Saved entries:
★ ★ ★ ★ ★

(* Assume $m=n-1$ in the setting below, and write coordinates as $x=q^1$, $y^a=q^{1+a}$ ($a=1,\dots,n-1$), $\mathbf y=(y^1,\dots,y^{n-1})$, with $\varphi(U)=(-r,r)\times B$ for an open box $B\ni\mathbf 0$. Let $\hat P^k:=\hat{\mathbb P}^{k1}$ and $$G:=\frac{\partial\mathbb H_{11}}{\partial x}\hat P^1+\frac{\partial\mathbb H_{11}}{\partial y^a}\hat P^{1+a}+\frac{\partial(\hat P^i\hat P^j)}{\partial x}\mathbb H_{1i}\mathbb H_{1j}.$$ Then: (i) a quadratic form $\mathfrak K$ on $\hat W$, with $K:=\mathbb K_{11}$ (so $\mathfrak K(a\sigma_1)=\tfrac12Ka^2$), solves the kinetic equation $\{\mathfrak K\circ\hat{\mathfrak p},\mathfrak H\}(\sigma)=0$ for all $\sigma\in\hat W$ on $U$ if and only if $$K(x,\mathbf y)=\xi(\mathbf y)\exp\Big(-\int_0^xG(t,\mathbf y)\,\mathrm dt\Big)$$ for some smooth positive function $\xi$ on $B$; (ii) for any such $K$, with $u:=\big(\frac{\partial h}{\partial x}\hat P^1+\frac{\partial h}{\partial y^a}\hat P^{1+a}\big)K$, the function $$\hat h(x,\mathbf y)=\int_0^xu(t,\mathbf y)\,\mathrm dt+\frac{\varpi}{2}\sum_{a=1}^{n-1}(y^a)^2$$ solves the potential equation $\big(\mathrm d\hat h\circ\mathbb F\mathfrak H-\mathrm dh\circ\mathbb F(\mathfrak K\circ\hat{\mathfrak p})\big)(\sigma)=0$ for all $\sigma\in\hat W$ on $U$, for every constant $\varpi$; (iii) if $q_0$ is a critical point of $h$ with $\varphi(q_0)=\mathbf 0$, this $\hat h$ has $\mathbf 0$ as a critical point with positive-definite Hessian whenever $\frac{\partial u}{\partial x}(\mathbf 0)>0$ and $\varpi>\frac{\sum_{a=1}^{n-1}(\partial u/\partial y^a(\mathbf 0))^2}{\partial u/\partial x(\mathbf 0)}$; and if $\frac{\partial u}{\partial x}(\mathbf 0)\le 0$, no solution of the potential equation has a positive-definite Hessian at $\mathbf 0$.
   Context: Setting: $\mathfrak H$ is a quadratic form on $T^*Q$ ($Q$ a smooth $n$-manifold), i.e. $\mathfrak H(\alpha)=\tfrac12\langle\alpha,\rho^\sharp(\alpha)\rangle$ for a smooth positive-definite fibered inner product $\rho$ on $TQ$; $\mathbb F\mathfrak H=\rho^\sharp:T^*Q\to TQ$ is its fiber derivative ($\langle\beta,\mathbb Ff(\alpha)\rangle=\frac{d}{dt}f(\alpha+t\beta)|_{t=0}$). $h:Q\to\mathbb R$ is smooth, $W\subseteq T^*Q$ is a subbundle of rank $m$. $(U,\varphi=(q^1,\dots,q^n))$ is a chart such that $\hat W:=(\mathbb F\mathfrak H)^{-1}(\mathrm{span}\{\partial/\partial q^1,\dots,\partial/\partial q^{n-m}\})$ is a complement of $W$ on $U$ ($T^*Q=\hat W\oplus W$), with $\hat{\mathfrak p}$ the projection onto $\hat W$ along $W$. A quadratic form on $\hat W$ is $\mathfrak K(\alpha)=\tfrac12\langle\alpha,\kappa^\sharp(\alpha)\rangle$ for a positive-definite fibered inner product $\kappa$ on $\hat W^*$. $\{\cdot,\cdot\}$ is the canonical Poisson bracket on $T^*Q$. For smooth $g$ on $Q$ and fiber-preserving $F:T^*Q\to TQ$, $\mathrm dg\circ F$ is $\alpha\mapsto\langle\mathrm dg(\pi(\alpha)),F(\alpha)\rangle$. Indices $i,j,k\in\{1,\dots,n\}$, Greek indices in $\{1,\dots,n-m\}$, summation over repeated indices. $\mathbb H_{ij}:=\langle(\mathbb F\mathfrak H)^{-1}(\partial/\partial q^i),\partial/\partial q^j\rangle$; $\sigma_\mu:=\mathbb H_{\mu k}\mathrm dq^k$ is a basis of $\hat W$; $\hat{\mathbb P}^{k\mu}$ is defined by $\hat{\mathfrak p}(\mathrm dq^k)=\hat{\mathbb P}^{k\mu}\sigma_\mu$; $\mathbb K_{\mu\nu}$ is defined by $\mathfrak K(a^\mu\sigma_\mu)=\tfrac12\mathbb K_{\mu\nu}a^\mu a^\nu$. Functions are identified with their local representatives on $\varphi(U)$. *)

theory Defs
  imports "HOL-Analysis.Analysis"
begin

★ ★ ★ ★ ★

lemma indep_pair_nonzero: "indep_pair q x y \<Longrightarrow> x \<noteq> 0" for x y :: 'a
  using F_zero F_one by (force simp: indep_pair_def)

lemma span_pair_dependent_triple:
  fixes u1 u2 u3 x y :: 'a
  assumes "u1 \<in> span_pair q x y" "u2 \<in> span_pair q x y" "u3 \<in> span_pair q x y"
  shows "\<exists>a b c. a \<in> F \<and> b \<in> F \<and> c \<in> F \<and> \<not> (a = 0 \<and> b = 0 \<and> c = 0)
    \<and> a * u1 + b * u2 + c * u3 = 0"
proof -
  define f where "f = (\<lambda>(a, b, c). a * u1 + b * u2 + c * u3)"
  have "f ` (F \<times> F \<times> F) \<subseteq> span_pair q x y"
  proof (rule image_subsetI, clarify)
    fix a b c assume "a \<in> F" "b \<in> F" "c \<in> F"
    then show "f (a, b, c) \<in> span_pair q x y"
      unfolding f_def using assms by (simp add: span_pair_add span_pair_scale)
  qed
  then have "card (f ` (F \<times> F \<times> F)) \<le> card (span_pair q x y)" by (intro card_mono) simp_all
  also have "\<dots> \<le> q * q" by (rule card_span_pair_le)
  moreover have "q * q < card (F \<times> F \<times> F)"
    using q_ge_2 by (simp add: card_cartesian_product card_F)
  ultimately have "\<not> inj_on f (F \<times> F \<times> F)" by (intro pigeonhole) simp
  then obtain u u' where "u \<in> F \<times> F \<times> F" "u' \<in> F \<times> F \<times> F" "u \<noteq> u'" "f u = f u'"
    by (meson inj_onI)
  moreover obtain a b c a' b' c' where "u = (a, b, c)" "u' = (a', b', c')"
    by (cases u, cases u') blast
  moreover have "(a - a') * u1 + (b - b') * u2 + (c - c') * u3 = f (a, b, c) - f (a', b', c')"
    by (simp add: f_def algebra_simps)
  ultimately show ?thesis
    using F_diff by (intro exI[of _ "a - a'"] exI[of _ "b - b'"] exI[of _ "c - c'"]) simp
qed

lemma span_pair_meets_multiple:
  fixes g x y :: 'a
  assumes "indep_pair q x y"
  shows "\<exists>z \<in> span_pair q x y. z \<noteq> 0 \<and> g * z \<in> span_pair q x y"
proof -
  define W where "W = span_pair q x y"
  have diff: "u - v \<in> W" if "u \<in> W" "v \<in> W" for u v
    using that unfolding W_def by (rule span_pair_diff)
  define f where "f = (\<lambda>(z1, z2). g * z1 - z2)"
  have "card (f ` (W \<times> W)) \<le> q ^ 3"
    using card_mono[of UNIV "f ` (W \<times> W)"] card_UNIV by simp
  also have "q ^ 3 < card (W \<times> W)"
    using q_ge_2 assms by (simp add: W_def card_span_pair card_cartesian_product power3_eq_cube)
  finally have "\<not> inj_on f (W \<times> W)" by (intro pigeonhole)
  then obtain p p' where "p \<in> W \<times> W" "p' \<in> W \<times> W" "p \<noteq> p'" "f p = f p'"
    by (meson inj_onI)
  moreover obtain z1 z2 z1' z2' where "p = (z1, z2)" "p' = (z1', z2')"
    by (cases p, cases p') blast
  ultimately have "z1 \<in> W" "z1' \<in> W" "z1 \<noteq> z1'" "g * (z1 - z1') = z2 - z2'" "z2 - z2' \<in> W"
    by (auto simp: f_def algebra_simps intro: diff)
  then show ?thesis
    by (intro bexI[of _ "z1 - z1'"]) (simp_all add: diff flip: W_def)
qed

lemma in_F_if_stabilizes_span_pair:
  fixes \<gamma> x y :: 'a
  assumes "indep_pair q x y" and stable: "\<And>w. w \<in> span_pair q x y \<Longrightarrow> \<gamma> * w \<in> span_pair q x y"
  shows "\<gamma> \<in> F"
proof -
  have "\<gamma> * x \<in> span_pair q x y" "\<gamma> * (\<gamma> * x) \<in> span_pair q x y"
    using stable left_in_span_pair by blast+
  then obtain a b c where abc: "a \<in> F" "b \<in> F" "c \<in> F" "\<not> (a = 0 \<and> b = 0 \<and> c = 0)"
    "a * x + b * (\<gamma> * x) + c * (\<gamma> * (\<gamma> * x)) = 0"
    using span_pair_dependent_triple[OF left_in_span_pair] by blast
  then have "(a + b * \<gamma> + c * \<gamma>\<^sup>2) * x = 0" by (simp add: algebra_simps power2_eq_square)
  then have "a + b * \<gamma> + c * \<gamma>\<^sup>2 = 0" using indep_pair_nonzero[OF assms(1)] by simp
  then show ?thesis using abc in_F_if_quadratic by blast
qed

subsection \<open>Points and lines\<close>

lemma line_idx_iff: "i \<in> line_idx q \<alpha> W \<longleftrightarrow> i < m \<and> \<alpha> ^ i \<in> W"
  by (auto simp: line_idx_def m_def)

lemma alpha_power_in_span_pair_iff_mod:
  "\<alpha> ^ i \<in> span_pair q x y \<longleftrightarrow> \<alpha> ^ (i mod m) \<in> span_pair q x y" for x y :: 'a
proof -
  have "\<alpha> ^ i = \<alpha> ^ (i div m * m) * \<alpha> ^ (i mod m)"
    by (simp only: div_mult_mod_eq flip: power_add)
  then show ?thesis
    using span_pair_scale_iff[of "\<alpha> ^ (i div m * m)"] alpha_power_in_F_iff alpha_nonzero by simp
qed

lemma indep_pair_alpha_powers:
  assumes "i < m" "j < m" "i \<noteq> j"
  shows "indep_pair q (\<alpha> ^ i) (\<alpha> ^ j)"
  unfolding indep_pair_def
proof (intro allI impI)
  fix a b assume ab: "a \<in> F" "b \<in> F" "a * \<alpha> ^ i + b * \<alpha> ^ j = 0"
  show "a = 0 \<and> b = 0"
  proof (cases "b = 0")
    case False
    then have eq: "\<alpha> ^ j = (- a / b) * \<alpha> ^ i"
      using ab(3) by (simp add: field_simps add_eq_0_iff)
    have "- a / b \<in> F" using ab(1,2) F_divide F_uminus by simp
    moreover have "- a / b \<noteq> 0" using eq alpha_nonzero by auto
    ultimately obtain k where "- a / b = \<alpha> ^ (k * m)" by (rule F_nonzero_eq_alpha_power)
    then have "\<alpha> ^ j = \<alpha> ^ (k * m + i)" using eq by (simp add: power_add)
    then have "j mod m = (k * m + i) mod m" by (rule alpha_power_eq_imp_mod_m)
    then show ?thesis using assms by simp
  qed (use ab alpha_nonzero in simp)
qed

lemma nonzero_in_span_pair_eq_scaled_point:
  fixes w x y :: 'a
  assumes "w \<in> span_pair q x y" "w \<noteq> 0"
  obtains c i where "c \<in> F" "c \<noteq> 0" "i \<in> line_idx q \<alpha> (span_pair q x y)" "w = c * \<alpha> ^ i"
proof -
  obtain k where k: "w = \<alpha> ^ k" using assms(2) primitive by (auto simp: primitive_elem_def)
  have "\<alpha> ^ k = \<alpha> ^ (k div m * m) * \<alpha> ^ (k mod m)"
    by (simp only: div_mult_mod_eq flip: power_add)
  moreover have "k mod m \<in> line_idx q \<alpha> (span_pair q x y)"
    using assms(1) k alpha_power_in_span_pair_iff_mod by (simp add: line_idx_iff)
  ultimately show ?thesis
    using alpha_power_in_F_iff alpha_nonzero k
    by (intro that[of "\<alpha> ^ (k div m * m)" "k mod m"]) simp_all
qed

★ ★ ★ ★ ★

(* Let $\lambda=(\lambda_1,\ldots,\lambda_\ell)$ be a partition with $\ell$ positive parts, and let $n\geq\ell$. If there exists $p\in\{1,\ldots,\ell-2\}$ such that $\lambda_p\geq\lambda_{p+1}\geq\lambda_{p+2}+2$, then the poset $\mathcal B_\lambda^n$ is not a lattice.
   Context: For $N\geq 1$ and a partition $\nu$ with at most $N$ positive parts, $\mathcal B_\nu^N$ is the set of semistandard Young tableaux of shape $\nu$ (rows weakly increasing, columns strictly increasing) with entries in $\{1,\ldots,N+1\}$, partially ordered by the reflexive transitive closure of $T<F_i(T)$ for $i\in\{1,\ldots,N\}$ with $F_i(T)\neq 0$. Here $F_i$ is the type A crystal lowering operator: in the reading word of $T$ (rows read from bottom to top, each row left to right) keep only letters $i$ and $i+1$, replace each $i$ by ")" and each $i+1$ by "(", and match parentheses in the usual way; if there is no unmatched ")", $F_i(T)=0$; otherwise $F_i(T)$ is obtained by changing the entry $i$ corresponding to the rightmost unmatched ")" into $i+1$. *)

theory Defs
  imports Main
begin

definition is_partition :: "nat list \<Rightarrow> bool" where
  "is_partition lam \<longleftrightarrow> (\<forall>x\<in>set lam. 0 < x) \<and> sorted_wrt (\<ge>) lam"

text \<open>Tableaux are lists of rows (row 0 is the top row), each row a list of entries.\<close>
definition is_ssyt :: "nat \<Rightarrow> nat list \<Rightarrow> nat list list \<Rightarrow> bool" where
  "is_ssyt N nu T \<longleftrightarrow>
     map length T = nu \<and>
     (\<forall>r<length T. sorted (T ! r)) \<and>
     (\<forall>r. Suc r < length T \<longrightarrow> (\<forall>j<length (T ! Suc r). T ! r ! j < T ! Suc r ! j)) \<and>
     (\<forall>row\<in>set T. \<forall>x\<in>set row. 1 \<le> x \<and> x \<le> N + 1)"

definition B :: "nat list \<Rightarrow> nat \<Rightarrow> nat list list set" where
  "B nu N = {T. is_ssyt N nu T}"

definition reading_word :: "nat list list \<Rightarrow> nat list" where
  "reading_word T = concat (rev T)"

★ ★ ★ ★ ★

Action item: Using only the entries above, output the line with "(z1 - z1') = z2", the line with "then obtain a", and all lines between them, exactly as they stand.

Reply:
  ultimately have "z1 \<in> W" "z1' \<in> W" "z1 \<noteq> z1'" "g * (z1 - z1') = z2 - z2'" "z2 - z2' \<in> W"
    by (auto simp: f_def algebra_simps intro: diff)
  then show ?thesis
    by (intro bexI[of _ "z1 - z1'"]) (simp_all add: diff flip: W_def)
qed

lemma in_F_if_stabilizes_span_pair:
  fixes \<gamma> x y :: 'a
  assumes "indep_pair q x y" and stable: "\<And>w. w \<in> span_pair q x y \<Longrightarrow> \<gamma> * w \<in> span_pair q x y"
  shows "\<gamma> \<in> F"
proof -
  have "\<gamma> * x \<in> span_pair q x y" "\<gamma> * (\<gamma> * x) \<in> span_pair q x y"
    using stable left_in_span_pair by blast+
  then obtain a b c where abc: "a \<in> F" "b \<in> F" "c \<in> F" "\<not> (a = 0 \<and> b = 0 \<and> c = 0)"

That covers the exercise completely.